**EXERCISE:** Print the lines that run from the line with "by (simp add: substitution_def vec_of_fps_Abs_fps)" to the line with "using assms Q0 by (simp add: substitution_compose fps_inv_right", keeping both end lines, exactly as they appear in the entries below, and nothing else.

**Data items:**
-------------------------

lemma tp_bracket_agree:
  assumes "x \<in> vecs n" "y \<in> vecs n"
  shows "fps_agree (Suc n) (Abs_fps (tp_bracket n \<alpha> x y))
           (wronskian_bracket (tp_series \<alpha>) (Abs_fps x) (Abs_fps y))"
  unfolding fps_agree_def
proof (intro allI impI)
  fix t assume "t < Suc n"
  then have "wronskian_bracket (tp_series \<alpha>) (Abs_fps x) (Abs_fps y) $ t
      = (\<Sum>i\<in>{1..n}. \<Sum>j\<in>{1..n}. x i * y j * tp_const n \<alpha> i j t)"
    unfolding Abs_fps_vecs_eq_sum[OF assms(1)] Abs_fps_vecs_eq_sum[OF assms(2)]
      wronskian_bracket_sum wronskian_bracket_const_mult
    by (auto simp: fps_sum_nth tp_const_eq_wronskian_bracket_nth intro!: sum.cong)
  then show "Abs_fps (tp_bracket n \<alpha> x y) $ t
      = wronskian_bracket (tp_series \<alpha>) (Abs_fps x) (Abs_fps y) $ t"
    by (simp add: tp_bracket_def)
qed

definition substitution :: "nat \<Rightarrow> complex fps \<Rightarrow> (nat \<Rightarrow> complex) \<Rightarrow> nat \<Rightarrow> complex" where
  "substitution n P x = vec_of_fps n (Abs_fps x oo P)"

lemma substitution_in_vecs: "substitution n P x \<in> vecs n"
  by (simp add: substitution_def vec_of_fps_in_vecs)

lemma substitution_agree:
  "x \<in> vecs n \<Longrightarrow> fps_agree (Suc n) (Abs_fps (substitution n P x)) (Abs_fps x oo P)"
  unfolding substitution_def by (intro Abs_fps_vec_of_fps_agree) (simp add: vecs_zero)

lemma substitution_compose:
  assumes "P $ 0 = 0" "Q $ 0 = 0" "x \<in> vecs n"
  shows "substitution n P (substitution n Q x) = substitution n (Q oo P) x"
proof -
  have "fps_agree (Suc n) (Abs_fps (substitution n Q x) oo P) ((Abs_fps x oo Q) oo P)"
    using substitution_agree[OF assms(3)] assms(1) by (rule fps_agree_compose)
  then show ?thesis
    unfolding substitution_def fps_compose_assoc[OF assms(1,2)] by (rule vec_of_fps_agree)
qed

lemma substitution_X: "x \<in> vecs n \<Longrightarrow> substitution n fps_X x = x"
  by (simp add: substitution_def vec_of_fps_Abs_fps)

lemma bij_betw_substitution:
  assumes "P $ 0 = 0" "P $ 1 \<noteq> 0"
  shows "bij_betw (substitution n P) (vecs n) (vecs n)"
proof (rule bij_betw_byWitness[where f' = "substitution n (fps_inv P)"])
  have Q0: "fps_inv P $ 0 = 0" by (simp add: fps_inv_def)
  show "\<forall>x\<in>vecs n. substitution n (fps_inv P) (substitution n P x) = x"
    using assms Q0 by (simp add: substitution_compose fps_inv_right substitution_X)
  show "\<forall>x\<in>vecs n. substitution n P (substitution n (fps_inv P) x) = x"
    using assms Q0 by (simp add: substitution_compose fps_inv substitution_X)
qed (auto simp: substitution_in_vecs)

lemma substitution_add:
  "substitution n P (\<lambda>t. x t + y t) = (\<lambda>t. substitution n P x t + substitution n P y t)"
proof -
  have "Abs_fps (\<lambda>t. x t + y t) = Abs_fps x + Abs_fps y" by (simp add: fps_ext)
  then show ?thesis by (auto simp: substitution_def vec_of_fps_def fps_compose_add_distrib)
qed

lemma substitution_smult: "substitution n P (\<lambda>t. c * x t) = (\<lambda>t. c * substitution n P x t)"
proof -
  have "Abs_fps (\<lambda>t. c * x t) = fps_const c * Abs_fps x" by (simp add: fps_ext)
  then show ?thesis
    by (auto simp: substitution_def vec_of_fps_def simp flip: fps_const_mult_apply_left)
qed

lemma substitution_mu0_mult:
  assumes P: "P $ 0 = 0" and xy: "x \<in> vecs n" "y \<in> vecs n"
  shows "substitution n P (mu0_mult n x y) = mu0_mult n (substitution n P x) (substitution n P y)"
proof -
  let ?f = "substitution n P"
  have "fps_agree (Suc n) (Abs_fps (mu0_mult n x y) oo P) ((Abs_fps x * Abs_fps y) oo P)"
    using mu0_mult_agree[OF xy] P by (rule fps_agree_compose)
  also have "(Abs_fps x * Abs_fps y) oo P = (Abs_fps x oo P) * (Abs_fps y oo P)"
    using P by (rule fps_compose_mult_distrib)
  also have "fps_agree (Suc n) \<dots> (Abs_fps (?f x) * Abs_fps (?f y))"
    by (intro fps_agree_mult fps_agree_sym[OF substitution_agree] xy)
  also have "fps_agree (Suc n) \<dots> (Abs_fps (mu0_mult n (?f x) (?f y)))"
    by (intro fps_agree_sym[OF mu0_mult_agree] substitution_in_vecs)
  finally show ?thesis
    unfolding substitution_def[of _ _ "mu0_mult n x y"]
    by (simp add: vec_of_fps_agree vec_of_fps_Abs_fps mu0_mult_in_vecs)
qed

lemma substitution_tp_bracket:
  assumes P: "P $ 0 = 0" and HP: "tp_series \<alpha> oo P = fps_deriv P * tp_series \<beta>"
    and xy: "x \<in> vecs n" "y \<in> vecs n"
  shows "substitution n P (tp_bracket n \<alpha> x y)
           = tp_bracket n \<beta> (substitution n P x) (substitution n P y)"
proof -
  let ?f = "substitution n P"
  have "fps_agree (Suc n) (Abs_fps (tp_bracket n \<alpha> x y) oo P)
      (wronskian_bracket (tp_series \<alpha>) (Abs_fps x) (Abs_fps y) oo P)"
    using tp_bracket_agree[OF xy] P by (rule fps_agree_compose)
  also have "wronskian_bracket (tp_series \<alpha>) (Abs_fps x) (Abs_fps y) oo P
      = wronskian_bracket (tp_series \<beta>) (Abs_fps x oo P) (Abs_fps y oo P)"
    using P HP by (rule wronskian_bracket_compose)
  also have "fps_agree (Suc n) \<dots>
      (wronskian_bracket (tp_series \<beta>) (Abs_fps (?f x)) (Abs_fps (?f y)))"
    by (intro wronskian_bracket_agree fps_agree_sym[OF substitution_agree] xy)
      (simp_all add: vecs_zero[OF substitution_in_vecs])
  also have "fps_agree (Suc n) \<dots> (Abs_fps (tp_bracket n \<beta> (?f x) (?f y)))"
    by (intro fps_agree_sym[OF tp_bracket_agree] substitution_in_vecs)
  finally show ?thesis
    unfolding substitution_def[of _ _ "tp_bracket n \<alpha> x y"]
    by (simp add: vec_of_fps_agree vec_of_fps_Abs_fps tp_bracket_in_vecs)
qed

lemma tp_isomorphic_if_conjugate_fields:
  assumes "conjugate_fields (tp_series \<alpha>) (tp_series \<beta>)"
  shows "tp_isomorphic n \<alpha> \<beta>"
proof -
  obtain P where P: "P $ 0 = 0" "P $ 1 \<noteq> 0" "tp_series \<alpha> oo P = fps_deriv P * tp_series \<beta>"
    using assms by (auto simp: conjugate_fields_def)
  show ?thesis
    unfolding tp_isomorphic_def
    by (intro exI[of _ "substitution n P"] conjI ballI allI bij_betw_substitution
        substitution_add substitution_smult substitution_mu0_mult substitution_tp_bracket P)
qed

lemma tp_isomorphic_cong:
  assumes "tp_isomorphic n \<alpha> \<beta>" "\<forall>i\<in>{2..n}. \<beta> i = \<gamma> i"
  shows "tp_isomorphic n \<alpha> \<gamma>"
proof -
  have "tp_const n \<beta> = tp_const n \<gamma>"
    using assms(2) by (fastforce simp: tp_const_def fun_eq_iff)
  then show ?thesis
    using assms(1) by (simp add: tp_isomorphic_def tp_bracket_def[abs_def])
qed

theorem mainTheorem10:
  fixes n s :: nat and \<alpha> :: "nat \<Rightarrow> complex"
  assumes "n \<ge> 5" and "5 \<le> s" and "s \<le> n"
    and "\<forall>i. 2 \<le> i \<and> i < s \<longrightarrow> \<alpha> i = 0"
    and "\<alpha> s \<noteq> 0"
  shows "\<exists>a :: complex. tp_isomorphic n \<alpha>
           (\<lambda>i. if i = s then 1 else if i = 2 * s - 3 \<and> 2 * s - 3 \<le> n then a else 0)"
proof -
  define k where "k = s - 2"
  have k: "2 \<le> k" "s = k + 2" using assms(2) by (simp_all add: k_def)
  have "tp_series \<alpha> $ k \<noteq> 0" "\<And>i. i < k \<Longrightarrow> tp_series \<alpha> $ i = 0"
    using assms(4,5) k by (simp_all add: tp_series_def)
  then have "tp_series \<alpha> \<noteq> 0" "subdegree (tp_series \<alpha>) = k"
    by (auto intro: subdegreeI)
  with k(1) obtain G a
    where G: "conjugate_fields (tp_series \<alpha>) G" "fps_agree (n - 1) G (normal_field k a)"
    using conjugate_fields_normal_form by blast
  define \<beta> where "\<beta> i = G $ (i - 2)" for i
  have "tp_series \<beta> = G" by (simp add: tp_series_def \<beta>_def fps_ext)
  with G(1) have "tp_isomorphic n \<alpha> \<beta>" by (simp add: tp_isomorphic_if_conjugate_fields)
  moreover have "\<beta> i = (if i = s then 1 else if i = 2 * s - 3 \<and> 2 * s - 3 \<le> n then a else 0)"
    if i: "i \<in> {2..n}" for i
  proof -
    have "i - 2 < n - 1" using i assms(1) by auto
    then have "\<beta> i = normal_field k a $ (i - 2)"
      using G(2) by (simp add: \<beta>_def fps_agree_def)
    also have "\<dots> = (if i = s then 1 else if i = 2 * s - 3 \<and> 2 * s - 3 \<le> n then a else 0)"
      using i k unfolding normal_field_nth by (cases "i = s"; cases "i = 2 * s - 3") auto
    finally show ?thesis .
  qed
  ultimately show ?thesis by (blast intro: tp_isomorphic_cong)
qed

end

-------------------------

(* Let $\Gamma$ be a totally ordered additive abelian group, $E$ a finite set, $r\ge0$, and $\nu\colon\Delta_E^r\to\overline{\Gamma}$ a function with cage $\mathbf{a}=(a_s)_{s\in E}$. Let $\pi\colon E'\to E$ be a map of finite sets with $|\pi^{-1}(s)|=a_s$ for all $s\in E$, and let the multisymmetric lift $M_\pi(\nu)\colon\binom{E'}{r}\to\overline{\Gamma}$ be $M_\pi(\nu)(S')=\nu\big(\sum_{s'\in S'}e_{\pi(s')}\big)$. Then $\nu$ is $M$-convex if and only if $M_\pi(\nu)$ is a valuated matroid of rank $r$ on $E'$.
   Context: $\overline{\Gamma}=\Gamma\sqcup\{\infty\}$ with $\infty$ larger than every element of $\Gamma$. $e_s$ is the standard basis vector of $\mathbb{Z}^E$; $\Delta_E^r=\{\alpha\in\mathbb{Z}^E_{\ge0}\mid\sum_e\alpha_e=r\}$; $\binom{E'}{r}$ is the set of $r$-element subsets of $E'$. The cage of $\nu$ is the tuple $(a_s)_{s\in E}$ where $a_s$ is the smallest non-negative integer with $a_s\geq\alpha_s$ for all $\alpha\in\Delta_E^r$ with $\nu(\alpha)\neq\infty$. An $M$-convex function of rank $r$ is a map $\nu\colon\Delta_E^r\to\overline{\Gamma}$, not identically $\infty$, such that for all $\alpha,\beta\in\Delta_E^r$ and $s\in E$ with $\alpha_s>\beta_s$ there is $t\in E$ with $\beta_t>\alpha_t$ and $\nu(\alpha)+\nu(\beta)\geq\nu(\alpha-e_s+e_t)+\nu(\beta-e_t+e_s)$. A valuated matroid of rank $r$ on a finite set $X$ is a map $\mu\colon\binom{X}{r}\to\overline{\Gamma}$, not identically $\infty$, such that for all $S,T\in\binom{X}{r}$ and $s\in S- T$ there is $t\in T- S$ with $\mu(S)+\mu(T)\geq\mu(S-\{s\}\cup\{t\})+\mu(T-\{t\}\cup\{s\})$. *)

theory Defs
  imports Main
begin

-------------------------

**REPLY TO THE TASK:**
  by (simp add: substitution_def vec_of_fps_Abs_fps)

lemma bij_betw_substitution:
  assumes "P $ 0 = 0" "P $ 1 \<noteq> 0"
  shows "bij_betw (substitution n P) (vecs n) (vecs n)"
proof (rule bij_betw_byWitness[where f' = "substitution n (fps_inv P)"])
  have Q0: "fps_inv P $ 0 = 0" by (simp add: fps_inv_def)
  show "\<forall>x\<in>vecs n. substitution n (fps_inv P) (substitution n P x) = x"
    using assms Q0 by (simp add: substitution_compose fps_inv_right substitution_X)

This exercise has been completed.